Rosa María Cid López (born, 29 January 1956) is a Spanish academic. Specializing in the study of women and gender, she served as President of the Asociación Española de Investigación de Historia de las Mujeres (Spanish Association Investigating the History of Women).

== Early years ==
Cid López was born in 1956. In 1979, she received a license in Philosophy and Letters (Section of History) in the University of Oviedo. In 1986, she defended her thesis, "The cult to the emperor in Numidia of Diocletian". She earned a PhD in Geography and History at the University of Oviedo.

==Career==
She serves as Professor of Ancient History in the University of Oviedo and has been the chair since 2011. She coordinates the Deméter Group, and the Motherhood, Gender and Family department at the same university.

Cid López's research focuses on motherhood and mothers in Ancient Mediterranean civilizations. She is also a specialist in the history of the women, and of gender in ancient societies, with attention to the subjects of historiography, power, religion and construction of feminine stereotypes through the biographies of Livia and Cleopatra.
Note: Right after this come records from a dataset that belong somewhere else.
(* For every $\lambda\in(0,\infty)$ and $\xi\in\{0,1\}^E$, the series below converges absolutely and \[ \frac{\lambda}{N+\lambda}\sum_{n=0}^\infty\Big(\frac N{N+\lambda}\Big)^n\frac1NS_\xi\big(L_0^n(J)\big)=p_1(\xi)^2+\frac1NS_\xi\left(\frac{2(I-Q)(\lambda+2-2Q)^{-1}}{\lambda\,\mathrm{tr}\big((\lambda+2-2Q)^{-1}\big)}\right). \]
   Context: $E$ is a finite set with $N=\#E>8$ elements, listed in a fixed order; $\mathsf M_E$ is the space of complex $N\times N$ matrices indexed by $E\times E$. $Q$ is an irreducible stochastic matrix on $E$ with $Q(x,y)=Q(y,x)$ for all $x,y$ and $\mathrm{tr}(Q)=0$. $I$ is the identity, $J$ the matrix with all entries $1/N$, and $(\lambda+2-2Q)^{-1}$ the inverse of $(\lambda+2)I-2Q$. For $\xi\in\{0,1\}^E$ regarded as a vector, $S_\xi(C)=\langle\xi|C|\xi\rangle=\sum_{x,y}\xi(x)C(x,y)\xi(y)$, and $p_1(\xi)=\frac1N\sum_{x\in E}\xi(x)$. The linear operator $L_0:\mathsf M_E\to\mathsf M_E$ is $L_0(C)=\frac{N-2}NC+\frac1N(CQ+QC)-\frac{2\,\mathrm{tr}(C)}{N^2}Q+\frac{2\,\mathrm{tr}(C)}{N^2}I$, and $L_0^n$ is its $n$-fold composition. *)

theory Defs
  imports "HOL-Analysis.Analysis"
begin

type_synonym 'e cmat = "complex^'e^'e"

definition cmat_of :: "real^'e^'e \<Rightarrow> 'e cmat" where
  "cmat_of Q = (\<chi> i j. complex_of_real (Q$i$j))"

definition stochastic :: "real^'e^'e \<Rightarrow> bool" where
  "stochastic Q \<longleftrightarrow> (\<forall>x y. Q$x$y \<ge> 0) \<and> (\<forall>x. (\<Sum>y\<in>UNIV. Q$x$y) = 1)"

definition irreducible_mat :: "real^'e^'e \<Rightarrow> bool" where
  "irreducible_mat Q \<longleftrightarrow> (\<forall>x y. (x, y) \<in> {(a, b). Q$a$b > 0}\<^sup>*)"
While a professor at the University of Oviedo, she has been interested in the study of the history of Asturias in antiquity, participating in excavations of Gijón in 1983 and Lugo of Llanera in 1983–1989. She coordinated the corresponding publication in the History of Asturias, published by La Nueva España in 1990–91. Cid López was a member of the Committee that designed the Permanent Exhibition of the Archaeological Museum of Asturias (2008–2011), prior to its inauguration.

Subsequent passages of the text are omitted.